Zumindest darfst Du Dich nie mehr über unseriöse Ebay-Käufer beschweren. Du handelst/denkst ja ebenso.

Beitrag von myimmortal1977 19.11.10 - 01:38 Uhr

Es wird kaum zu einer Verhandlung kommen, da die rechtliche Grundlage meines Erachtens fehlt.

Ich versende auch nur versichert über Ebay, um genau diesen Problemen aus dem Weg zu gehen.

Hermes freut es ;-)

Beitrag von parzifal 19.11.10 - 09:25 Uhr

Ich hätte ja lieber eine Antwort auf meinen Frage erhalten.

"Es wird kaum zu einer Verhandlung kommen" ist ausweichend.

Und das es nicht zu einer Verhandlung kommt liegt u.a. auch in der Falschbehauptung begründet, zu der Du rätst. Die Begründung warum Du der Ansicht bist, dass die TE Lügen soll steht aber immer noch aus.

Beitrag von myimmortal1977 19.11.10 - 16:53 Uhr

Habe ich was von erfundenen oder fiktiven Zeugen geschrieben?

Ich stehe immer mit meinem Mann am Schalter, daher hätte ich immer einen Zeugen.

Was Du bei meinem Wort "einfach" hinein interpretierst ist Deine Gedankenwelt.

Beitrag von parzifal 19.11.10 - 17:39 Uhr

Auf das Argument habe ich gewartet.

Bei Deinem Satz gibt es nichts fehlzuinterpretieren.

"Tipp: Sollte er Dir trotzdem mit was rechtlichem kommen, benenne einfach 1 oder 2 Zeugen die mit Dir auf der Post waren und das Päckchen abgegeben haben. "

Und gerade das Wörtchen "einfach" macht die Sache einfach.

"Ich stehe immer mit meinem Mann am Schalter, daher hätte ich immer einen Zeugen. "

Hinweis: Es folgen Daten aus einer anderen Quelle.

lemma potential_step_psubset:
  assumes x: "single_token x" and st: "step N x (m, r) y"
  shows "potential y \<subset> potential x"
proof -
  have m: "m \<in> V" "r \<in> R m" "enables N x m" "y = fire x m r"
    using st step_iff by auto
  have xm: "x a = {m}" if "a \<in> P m" for a
    using m(3) that single_tokenD[OF x] by (auto simp: enables_def)
  have succ: "(m, w) \<in> E\<^sup>+" if "a \<in> P m" "w \<in> E\<^sup>* `` nx m a r" for a w
    using that edgeI[OF m(1) _ m(2)] by (meson ImageE rtrancl_into_trancl2)
  have "potential y \<subseteq> potential x"
  proof
    fix p assume "p \<in> potential y"
    then obtain a w where p: "p = (a, w)" "a \<in> A" "w \<in> E\<^sup>* `` y a" by (auto simp: potential_def)
    have "w \<in> E\<^sup>* `` x a"
    proof (cases "a \<in> P m")
      case True
      then have "(m, w) \<in> E\<^sup>+" using succ p(3) m(4) by (simp add: fire_def)
      then show ?thesis using xm[OF True] by (auto dest: trancl_into_rtrancl)
    qed (use p m(4) in \<open>simp add: fire_def\<close>)
    then show "p \<in> potential x" using p by (simp add: potential_def)
  qed
  moreover obtain a where "a \<in> P m" using parties_nonempty[OF m(1)] by blast
  then have "(a, m) \<in> potential x - potential y"
    using xm m(4) succ no_cycle parties_agents[OF m(1)] by (fastforce simp: potential_def fire_def)
  ultimately show ?thesis by blast
qed

definition enables_only :: "('a \<Rightarrow> 'n set) \<Rightarrow> 'n \<Rightarrow> bool" where
  "enables_only x n \<longleftrightarrow> enables N x n \<and> (\<forall>w\<in>V. enables N x w \<longrightarrow> w = n)"

lemma reachable_enables_only:
  assumes "n \<in> V"
  obtains x where "reachable A N x" "enables_only x n"
proof -
  let ?good = "\<lambda>x. reachable A N x \<and> enables N x n"
  have "\<exists>x. ?good x" using soundness assms unfolding sound_def by blast
  then obtain x where x: "?good x"
    and least: "\<And>y. ?good y \<Longrightarrow> card (potential x) \<le> card (potential y)"
    using ex_has_least_nat[where P = ?good and m = "\<lambda>x. card (potential x)"] by blast
  have "w = n" if w: "w \<in> V" "enables N x w" for w
  proof (rule ccontr)
    assume "w \<noteq> n"
    obtain r where r: "r \<in> R w" using outcomes_nonempty[OF w(1)] by blast
    have tok: "single_token x" using x reachable_single_token by blast
    have "enables N (fire x w r) n"
      using x w \<open>w \<noteq> n\<close> single_tokenD[OF tok] by (fastforce simp: enables_def fire_def)
    then have "card (potential x) \<le> card (potential (fire x w r))"
      using least reachable_fire x w r by blast
    moreover have "step N x (w, r) (fire x w r)" using w r step_iff by blast
    then have "card (potential (fire x w r)) < card (potential x)"
      by (intro psubset_card_mono finite_potential tok potential_step_psubset)
    ultimately show False by simp
  qed
  then show ?thesis using that x by (auto simp: enables_only_def)
qed

text \<open>After firing \<open>n\<close> at a marking that enables only \<open>n\<close>, every token lies strictly below \<open>n\<close>
  or is an untouched token of an agent outside \<open>P n\<close>; hence only strict successors of \<open>n\<close> fire.\<close>

definition below :: "('a \<Rightarrow> 'n set) \<Rightarrow> 'n \<Rightarrow> ('a \<Rightarrow> 'n set) \<Rightarrow> bool" where
  "below x n z \<longleftrightarrow> (\<forall>c. z c \<subseteq> E\<^sup>+ `` {n} \<or> (c \<notin> P n \<and> z c = x c))"

lemma below_fire: "n \<in> V \<Longrightarrow> r \<in> R n \<Longrightarrow> below x n (fire x n r)"
  using edgeI by (fastforce simp: below_def fire_def)

lemma below_step:
  assumes only: "enables_only x n" and nV: "n \<in> V" and z: "below x n z" and st: "step N z (w, s) z'"
  shows "(n, w) \<in> E\<^sup>+ \<and> below x n z'"
proof -
  have w: "w \<in> V" "s \<in> R w" "enables N z w" "z' = fire z w s"
    using st step_iff by auto
  have nw: "(n, w) \<in> E\<^sup>+"
  proof (cases "\<exists>c\<in>P w. z c \<subseteq> E\<^sup>+ `` {n}")
    case True
    then show ?thesis using w(3) by (auto simp: enables_def)
  next
    case False
    then have h: "\<forall>c\<in>P w. c \<notin> P n \<and> z c = x c" using z by (auto simp: below_def)
    then have "w = n" using only w(1,3) by (auto simp: enables_def enables_only_def)
    then show ?thesis using h parties_nonempty[OF nV] by blast
  qed
  moreover have "nx w c s \<subseteq> E\<^sup>+ `` {n}" if "c \<in> P w" for c
    using nw edgeI[OF w(1) that w(2)] by (auto intro: trancl_into_trancl)
  ultimately show ?thesis using z w(4) by (auto simp: below_def fire_def)
qed

lemma fired_after_enables_only:
  assumes "enables_only x n" "n \<in> V" "r \<in> R n"
    and "run N (fire x n r) \<sigma> z'" "(w, s) \<in> set \<sigma>"
  shows "(n, w) \<in> E\<^sup>+"
proof -
  have "below x n z \<Longrightarrow> run N z \<sigma> z' \<Longrightarrow> (w, s) \<in> set \<sigma> \<Longrightarrow> (n, w) \<in> E\<^sup>+" for z
  proof (induction \<sigma> arbitrary: z)
    case (Cons st \<sigma>)
    obtain m t where st: "st = (m, t)" by fastforce
    then obtain z1 where z1: "step N z (m, t) z1" "run N z1 \<sigma> z'" using Cons.prems(2) by auto
    have "(n, m) \<in> E\<^sup>+" "below x n z1" using below_step[OF assms(1,2) Cons.prems(1) z1(1)] by auto
    then show ?case using Cons.IH[OF _ z1(2)] Cons.prems(3) st by auto
  qed simp
  then show ?thesis using assms below_fire by blast
qed

subsection \<open>Initial atom equal to the final atom\<close>

lemma reachable_init_final:
  assumes "n0 = nf" "reachable A N x"
  shows "x = x0 \<or> x = final_marking"
proof -
  have "run N z \<sigma> x \<Longrightarrow> z = x0 \<or> z = final_marking \<Longrightarrow> x = x0 \<or> x = final_marking" for z \<sigma>
  proof (induction \<sigma> arbitrary: z)
    case (Cons s \<sigma>)
    obtain m r where s: "s = (m, r)" by fastforce
    then have st: "m \<in> V" "r \<in> R m" "enables N z m" "run N (fire z m r) \<sigma> x"
      using Cons.prems run_Cons_iff by auto
    obtain c where c: "c \<in> P m" using parties_nonempty[OF st(1)] by blast
    then have "m \<in> z c" "c \<in> A" using st(3) parties_agents[OF st(1)] by (auto simp: enables_def)
    then have "z = x0" "m = n0" using Cons.prems(2) by (auto simp: init_marking_def final_marking_def)
    then have "fire z m r = final_marking"
      using assms(1) agents_init next_empty_iff[OF st(1) _ st(2)]
      by (auto simp: fire_def init_marking_def final_marking_def fun_eq_iff)
    then show ?case using Cons.IH st(4) by blast
  qed simp
  then show ?thesis using assms(2) unfolding reachable_def by blast
qed

lemma init_final_single_atom:
  assumes "n0 = nf"
  shows "V = {n0}"
proof -
  have "w = n0" if w: "w \<in> V" for w
  proof -
    obtain x where x: "reachable A N x" "enables N x w" using soundness w by (auto simp: sound_def)
    obtain c where c: "c \<in> P w" "c \<in> A" using parties_nonempty[OF w] parties_agents[OF w] by blast
    then have "w \<in> x c" using x(2) by (simp add: enables_def)
    then show ?thesis using reachable_init_final[OF assms x(1)] c
      by (auto simp: init_marking_def final_marking_def)
  qed
  then show ?thesis using init_atom_in_atoms by blast
qed

subsection \<open>Irreducibility forces the initial atom to be final\<close>

lemma first_unshared_atom_uncond_enabled:
  assumes only: "enables_only x n" and x: "reachable A N x" and nV: "n \<in> V"
    and succ: "\<And>m. (n, m) \<in> E\<^sup>+ \<Longrightarrow> card (R m) \<le> 1"
    and r1: "r1 \<in> R n" and r2: "r2 \<in> R n"
    and \<rho>1: "run N (fire x n r1) \<rho>1 final_marking" and \<rho>2: "run N (fire x n r2) \<rho>2 final_marking"
    and unshared: "\<exists>p\<in>set \<rho>1. fst p \<notin> fst ` set \<rho>2"
  shows "\<exists>y. (n, y) \<in> E\<^sup>+ \<and> uncond_enables N n r1 y"
proof -
  obtain \<alpha> y s \<beta> where split: "\<rho>1 = \<alpha> @ (y, s) # \<beta>" and y: "y \<notin> fst ` set \<rho>2"
    and shared: "\<forall>p\<in>set \<alpha>. fst p \<in> fst ` set \<rho>2"
    using split_list_first_prop[OF unshared] by fastforce
  obtain z where \<alpha>: "run N (fire x n r1) \<alpha> z" and "run N z ((y, s) # \<beta>) final_marking"
    using \<rho>1 unfolding split run_append by blast
  then have "enables N z y" using run_Cons_iff by blast
  have ny: "(n, y) \<in> E\<^sup>+" using fired_after_enables_only[OF only nV r1 \<rho>1, of y s] split by simp
  have "c \<in> P n \<and> nx n c r1 = {y}" if c: "c \<in> P y" for c
  proof -
    have "y \<in> z c" using \<open>enables N z y\<close> c by (simp add: enables_def)
    from token_origin[OF \<alpha> this] show ?thesis
    proof
      assume "y \<in> fire x n r1 c"
      moreover have "c \<notin> P n \<Longrightarrow> y \<in> x c \<Longrightarrow> y \<in> fst ` set \<rho>2"
        using run_to_final_consumes[OF \<rho>2] single_tokenD reachable_single_token[OF x]
        by (metis fire_def)
      ultimately show ?thesis using next_eq_singleton[OF nV _ r1] y
        by (auto simp: fire_def split: if_splits)
    next
      assume "\<exists>w s'. (w, s') \<in> set \<alpha> \<and> c \<in> P w \<and> y \<in> nx w c s'"
      then obtain w s' where ws: "(w, s') \<in> set \<alpha>" "c \<in> P w" "y \<in> nx w c s'" by blast
      obtain s'' where s'': "(w, s'') \<in> set \<rho>2" using shared ws(1) by force
      have ws1: "(w, s') \<in> set \<rho>1" using ws(1) split by simp
      have w: "w \<in> V" "s' \<in> R w" using run_step_valid[OF \<rho>1 ws1] by auto
      have "s'' = s'"
        using unique_outcome[OF w(1) _ _ w(2)] succ fired_after_enables_only[OF only nV r1 \<rho>1 ws1]
          run_step_valid[OF \<rho>2 s''] by blast
      then have "y \<in> fst ` set \<rho>2"
        using produced_token_consumed[OF \<rho>2 s'' ws(2)] next_eq_singleton[OF w(1) ws(2) w(2) ws(3)]
        by simp
      with y show ?thesis by blast
    qed
  qed
  then show ?thesis using ny by (auto simp: uncond_enables_def)
qed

Das nützt ihr aber nichts oder soll sie jetzt behaupten, dass sie mit Deinem Mann am Schalter stand?

Mach die Sache nicht noch schlimmer und vor allem nicht noch lächerlicher.

Deine Erklärung kannst Du vielleicht jemanden verkaufen, der sich die Hose mit der Kneifzange anzieht.

Wenn Du gechrieben hättest, "wenn Zeugen dabei waren kannst Du diese ja benennen"

An Deiner Wortwahl gibt es aber nichts mißzuverstehen.



Beitrag von gaeltarra 19.11.10 - 18:40 Uhr

Hi,

danke, wollte ich auch gerade so ähnlich schreiben!

Es gibt auch meiner Meinung nach nichts "hineinzuinterpretieren" - die Aussage "benenne einfach ein, zwei Zeugen" ist eine eindeutige Aussage zur Anstiftung einer Falschaussage.


LG
Gael

Beitrag von hexlein77 19.11.10 - 08:52 Uhr

Entschuldige die Frage: Aber wartest du in letzter Zeit auf solche Threads???#kratz

Mir ist es nur aufgefallen, das du jedesmal wenn solch eine Aussagen wie hier getroffen wird, darauf anspringst und die Userinnen "belehrst"! Bist du Anwalt oder so????

ist lediglich eine Frage! :-)

Beitrag von parzifal 19.11.10 - 09:20 Uhr

Ich bin Jurist.

Vielleicht erklärt sich dadurch manches.

Beitrag von hexlein77 19.11.10 - 09:33 Uhr

Ja! :-) Das tut es in dem fall allerdings! :-)

Beitrag von gaeltarra 19.11.10 - 10:45 Uhr

Hallo,

>>Tipp: Sollte er Dir trotzdem mit was rechtlichem kommen, benenne einfach 1 oder 2 Zeugen die mit Dir auf der Post waren und das Päckchen abgegeben haben.<<

Solche Tipps finde ich im höchsten Maße erschreckend.